**Exercise directions:** Filtering the records below, copy only those lines that include the word "tangent".

Stored data
(* Assume (A1)–(A3) and $\alpha>1$. Let $LR_{target}>0$ and $\hat T>0$ be given. Consider the problem of finding a concentration profile $C$ such that $LR(T)=LR_{target}$ for some $T\le\hat T$, with $AUC[C]$ as small as possible. Let $c_{opt}$ be the unique solution in $(0,\infty)$ of $k'(c)=\frac{k(c)-r}{c}$, $T_{opt}=\frac{\ln(10)LR_{target}}{k(c_{opt})-r}$, $C_{opt}(t)=c_{opt}$ for $0\le t\le T_{opt}$ and $C_{opt}(t)=0$ for $t>T_{opt}$, and $$T_{min}=\frac{\ln(10)\,LR_{target}}{k_{max}-r}.$$ Then: (i) If $\hat T\ge T_{opt}$, the solution of the problem is $C_{opt}$. (ii) If $\hat T\le T_{min}$, there is no concentration profile $C$ and no $T\le\hat T$ with $LR(T)=LR_{target}$; thus the problem has no solution. (iii) If $T_{min}<\hat T<T_{opt}$, the equation $\hat T\,[k(\hat c)-r]=\ln(10)\,LR_{target}$ has a unique solution $\hat c>0$, and the unique solution (up to a.e. equality) of the problem is $\hat C(t)=\hat c$ for $0\le t\le\hat T$, $\hat C(t)=0$ for $t>\hat T$.
   Context: Let $r>0$ and let $k:[0,\infty)\to[0,\infty)$ satisfy: (A1) $k(0)=0$, $k$ is continuous and strictly increasing on $[0,\infty)$, and twice differentiable on $(0,\infty)$; (A2) $\lim_{c\to\infty}k(c)=k_{max}<\infty$; (A3) either (i) (concave case) $k''(c)<0$ for all $c>0$, or (ii) (sigmoidal case) there is $c_{infl}>0$ with $k''(c)>0$ for $0<c<c_{infl}$ and $k''(c)<0$ for $c>c_{infl}$. Set $\alpha=k_{max}/r$. A concentration profile is a non-negative function $C\in L^1[0,\infty)$, with $AUC[C]=\int_0^\infty C(t)\,dt$. For $T\ge0$, $LR(T)=\frac{1}{\ln 10}\int_0^T[k(C(t))-r]\,dt$. *)

theory Defs
  imports "HOL-Analysis.Analysis"
begin

definition conc_profile :: "(real \<Rightarrow> real) \<Rightarrow> bool" where
  "conc_profile C \<longleftrightarrow> (\<forall>t\<ge>0. 0 \<le> C t) \<and> C integrable_on {0..}"

definition AUC :: "(real \<Rightarrow> real) \<Rightarrow> real" where
  "AUC C = integral {0..} C"

definition LR :: "(real \<Rightarrow> real) \<Rightarrow> real \<Rightarrow> (real \<Rightarrow> real) \<Rightarrow> real \<Rightarrow> real" where
  "LR k r C T = (1 / ln 10) * integral {0..T} (\<lambda>t. k (C t) - r)"

definition feasible :: "(real \<Rightarrow> real) \<Rightarrow> real \<Rightarrow> real \<Rightarrow> real \<Rightarrow> (real \<Rightarrow> real) \<Rightarrow> bool" where
  "feasible k r LRt That C \<longleftrightarrow>
     conc_profile C \<and> (\<exists>T. 0 \<le> T \<and> T \<le> That \<and> LR k r C T = LRt)"

definition is_solution :: "(real \<Rightarrow> real) \<Rightarrow> real \<Rightarrow> real \<Rightarrow> real \<Rightarrow> (real \<Rightarrow> real) \<Rightarrow> bool" where
  "is_solution k r LRt That C \<longleftrightarrow>
     feasible k r LRt That C \<and> (\<forall>D. feasible k r LRt That D \<longrightarrow> AUC C \<le> AUC D)"

definition step_profile :: "real \<Rightarrow> real \<Rightarrow> real \<Rightarrow> real" where
  "step_profile c T t = (if 0 \<le> t \<and> t \<le> T then c else 0)"

definition c_opt :: "(real \<Rightarrow> real) \<Rightarrow> real \<Rightarrow> real" where
  "c_opt k r = (THE c. 0 < c \<and> deriv k c = (k c - r) / c)"

definition T_opt :: "(real \<Rightarrow> real) \<Rightarrow> real \<Rightarrow> real \<Rightarrow> real" where
  "T_opt k r LRt = ln 10 * LRt / (k (c_opt k r) - r)"

definition T_min :: "real \<Rightarrow> real \<Rightarrow> real \<Rightarrow> real" where
  "T_min kmax r LRt = ln 10 * LRt / (kmax - r)"

end

theory Submission
  imports Defs
begin

text \<open>If a line \<open>A + B c\<close> with \<open>B > 0\<close> lies above \<open>k(c) - r\<close> on \<open>[0, \<infinity>)\<close>, every profile \<open>C\<close> reaching
  the target at a time \<open>T\<close> satisfies \<open>ln 10 \<cdot> LR\<^sub>t\<^sub>a\<^sub>r\<^sub>g\<^sub>e\<^sub>t = \<integral>\<^sub>0\<^sup>T (k(C) - r) \<le> A T + B \<integral>\<^sub>0\<^sup>T C\<close>, which
  bounds its AUC from below; in the case of equality \<open>C\<close> sits a.e. at the contact point of the line
  on \<open>[0, T]\<close> and vanishes afterwards. Without an active time constraint the right line is the
  tangent through the origin, whose slope is the maximum of \<open>(k(c) - r)/c\<close>, attained at \<open>c\<^sub>o\<^sub>p\<^sub>t\<close>.
  For \<open>T\<^sub>m\<^sub>i\<^sub>n < T\<^sup>^ < T\<^sub>o\<^sub>p\<^sub>t\<close> it is the tangent at \<open>c\<^sup>^ > c\<^sub>o\<^sub>p\<^sub>t\<close>: it lies above \<open>k - r\<close> because \<open>k\<close> is strictly
  concave beyond \<open>c\<^sub>o\<^sub>p\<^sub>t\<close> and lies below the flatter origin line before it, and its intercept
  \<open>A > 0\<close> forces \<open>T = T\<^sup>^\<close>. For \<open>T\<^sup>^ \<le> T\<^sub>m\<^sub>i\<^sub>n\<close> the constant \<open>k\<^sub>m\<^sub>a\<^sub>x - r\<close> lies strictly above \<open>k - r\<close>,
  so the target is out of reach.\<close>

section \<open>Integrals of non-negative functions\<close>

lemma has_integral_0_nonneg_imp_negligible:
  fixes f :: "'a::euclidean_space \<Rightarrow> real"
  assumes int: "(f has_integral 0) S" and nonneg: "\<And>x. x \<in> S \<Longrightarrow> 0 \<le> f x"
  shows "negligible {x\<in>S. f x \<noteq> 0}"
proof -
  have abs_int: "f absolutely_integrable_on S"
    using nonneg has_integral_integrable[OF int] by (intro nonnegative_absolutely_integrable_1)
  then have "set_lebesgue_integral lebesgue S f = 0"
    using int by (simp add: set_lebesgue_integral_eq_integral(2) integral_unique)
  then have "AE x in lebesgue. indicator S x *\<^sub>R f x = 0"
    unfolding set_lebesgue_integral_def
    using integral_nonneg_eq_0_iff_AE[of lebesgue "\<lambda>x. indicat_real S x *\<^sub>R f x"] abs_int nonneg
    by (auto simp: set_integrable_def indicator_def)
  then have "AE x in lebesgue. x \<notin> {x\<in>S. f x \<noteq> 0}"
    by eventually_elim (auto simp: indicator_def)
  then obtain N where "N \<in> null_sets lebesgue" "{x\<in>S. f x \<noteq> 0} \<subseteq> N"
    by (auto simp: eventually_ae_filter)
  then show ?thesis
    by (metis negligible_iff_null_sets negligible_subset)
qed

**Answer below:**
  tangent through the origin, whose slope is the maximum of \<open>(k(c) - r)/c\<close>, attained at \<open>c\<^sub>o\<^sub>p\<^sub>t\<close>.
  For \<open>T\<^sub>m\<^sub>i\<^sub>n < T\<^sup>^ < T\<^sub>o\<^sub>p\<^sub>t\<close> it is the tangent at \<open>c\<^sup>^ > c\<^sub>o\<^sub>p\<^sub>t\<close>: it lies above \<open>k - r\<close> because \<open>k\<close> is strictly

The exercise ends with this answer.